Antibiotics should be used on farms to treat livestock that have been diagnosed with diseases caused by bacteria, the report says. Another legitimate use, it says, is to protect healthy stock that have been exposed to bacterial diseases or before they are expected to be exposed.
In addition, the Pew report suggests better monitoring and reporting of the amounts and kinds of antibiotics used on farms. It also wants better monitoring of antibiotics in “the food supply, the environment, and animal and human populations.” A third measure dealing with antibiotics, says the report, is to “increase veterinary oversight and implement disease monitoring to achieve 48-hour trace-back.”
Confinement
Under the heading of “animal welfare,” the report calls for phasing out the use of “intensive confinement.” It uses the examples of battery cages for laying hens and gestation crates for sows.

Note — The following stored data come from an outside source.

lemma exp_nonpos_bounds:
  assumes "q \<le> 0"
  shows "real_of_rat (lb_exp_nonpos q n) \<le> exp (of_rat q)
    \<and> exp (of_rat q) \<le> real_of_rat (ub_exp_nonpos q n) \<and> 0 < real_of_rat (lb_exp_nonpos q n)"
proof (cases "-1 \<le> q")
  case True
  then show ?thesis
    using exp_base_bounds[OF True assms] by (simp add: lb_exp_nonpos_def ub_exp_nonpos_def)
next
  case False
  define k where "k = nat (-\<lfloor>q\<rfloor>)"
  have k: "0 < k" "-1 \<le> q / of_nat k"
    using neg_floor_scaling[of q] False unfolding k_def by simp_all
  have "q / of_nat k \<le> 0" using assms k(1) by (simp add: divide_nonpos_pos)
  define l where "l = real_of_rat (lb_exp_base (q / of_nat k) n)"
  define u where "u = real_of_rat (ub_exp_base (q / of_nat k) n)"
  have "l \<le> exp (of_rat q / k)" "exp (of_rat q / k) \<le> u" "0 < l"
    using exp_base_bounds[OF k(2) \<open>q / of_nat k \<le> 0\<close>, of n]
    by (simp_all add: l_def u_def of_rat_divide)
  moreover have "exp (of_rat q) = exp (of_rat q / k) ^ k"
    using k(1) by (simp flip: exp_of_nat_mult)
  ultimately have "l ^ k \<le> exp (of_rat q)" "exp (of_rat q) \<le> u ^ k" "0 < l ^ k"
    by (simp_all add: power_mono)
  then show ?thesis
    using False
    by (simp add: lb_exp_nonpos_def ub_exp_nonpos_def Let_def k_def[symmetric] of_rat_power
        l_def u_def)
qed
(* Let $L$ be a simple $3$-connected planar graph with at least four vertices, with a fixed planar embedding, and let $r_0,r_1$ be vertices on the outer face of $L$ such that $(r_0,r_1)$ is an edge of $L$. Let $L'=L-(r_0,r_1)$ (delete the edge, keep the vertices) and let $C$ be the boundary of the outer face of $L'$, which is a simple cycle. Then every non-trivial bridge of $C$ in $L'$ has at least three vertices of attachment.
   Context: For a subgraph $H$ of a graph $G$, a vertex of attachment of $H$ is a vertex of $H$ incident with some edge of $G$ not belonging to $H$. For a cycle $J$ of $G$, a bridge of $J$ in $G$ is a subgraph $B$ of $G$ such that (1) every vertex of attachment of $B$ is a vertex of $J$, (2) $B$ is not a subgraph of $J$, and (3) no proper subgraph of $B$ has both properties (1) and (2). A bridge consisting of a single chord of $J$ is called trivial; all other bridges are non-trivial. *)

theory Defs
  imports "HOL-Analysis.Analysis"
begin

definition simple_graph :: "'a set \<Rightarrow> 'a set set \<Rightarrow> bool" where
  "simple_graph V E \<longleftrightarrow> finite V \<and>
     (\<forall>e\<in>E. \<exists>u v. e = {u, v} \<and> u \<noteq> v \<and> u \<in> V \<and> v \<in> V)"

definition connected_graph :: "'a set \<Rightarrow> 'a set set \<Rightarrow> bool" where
  "connected_graph V E \<longleftrightarrow>
     (\<forall>u\<in>V. \<forall>v\<in>V. (\<lambda>x y. x \<in> V \<and> y \<in> V \<and> {x, y} \<in> E)\<^sup>*\<^sup>* u v)"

The report goes on to recommend implementing at the federal level performance standards for farms when it comes to animal well-being. And, it suggests using “better” animal husbandry practices, “improving animal welfare practices and conditions” and improving “animal welfare research.”
Another aspect of the report deals with better regulating “industrial farm animal production.” The report uses the term “IFAP” to identify farms that manage livestock this way.
Recommendations here include “fully” enforcing federal and state environmental regulations and conducting more research on the health impacts of people “living and working on or near these operations.” Another recommendation is to build a stronger relationship among medical doctors, veterinarians and public health professionals. Further, the report advocates creating a “Food Safety Administration.”
Yet another recommendation is to “implement zoning and siting guidance for new IFAPs.” The report also suggests that the U.S. needs to adopt policies that “allow for a competitive marketplace.”
More funding
More money devoted to “expand and reform animal agriculture research” can help, according to Martin, Blackwell and the report. “Science can solve many of the problems of IFAPs if enough money is allocated,” the report states.
CAFOs
“Confined animal feeding operations,” or CAFOs, as they’re often called, “are likely to be in our future,” the report goes on. Blackwell pointed out that modern animal agriculture has “evolved on cheap fossil fuel.” With the U.S. population expected to reach 400 million by 2040, these types of farms will be necessary, he added.
Martin said one key question is, “How are we going to feed 400 million people in a sustainable way?” For one, he said, the nation needs to stop the loss of farmland.
Overall, “We need a national dialog on how we raise food,” Martin stated.
Blackwell gave dairying a verbal pat on the back for its efforts at self-regulation. He said, “This industry gets it.”
Still, he warned that even though dairy producers in general manage their livestock well, “All of animal agriculture will be viewed the same. Dairy will not be separated.”
The Pew Commission’s report on industrial farm animal production was released this past April. Blackwell said it has been sent to the attorney general, the USDA, land grant universities, every senator and representative in Congress, and every state governor.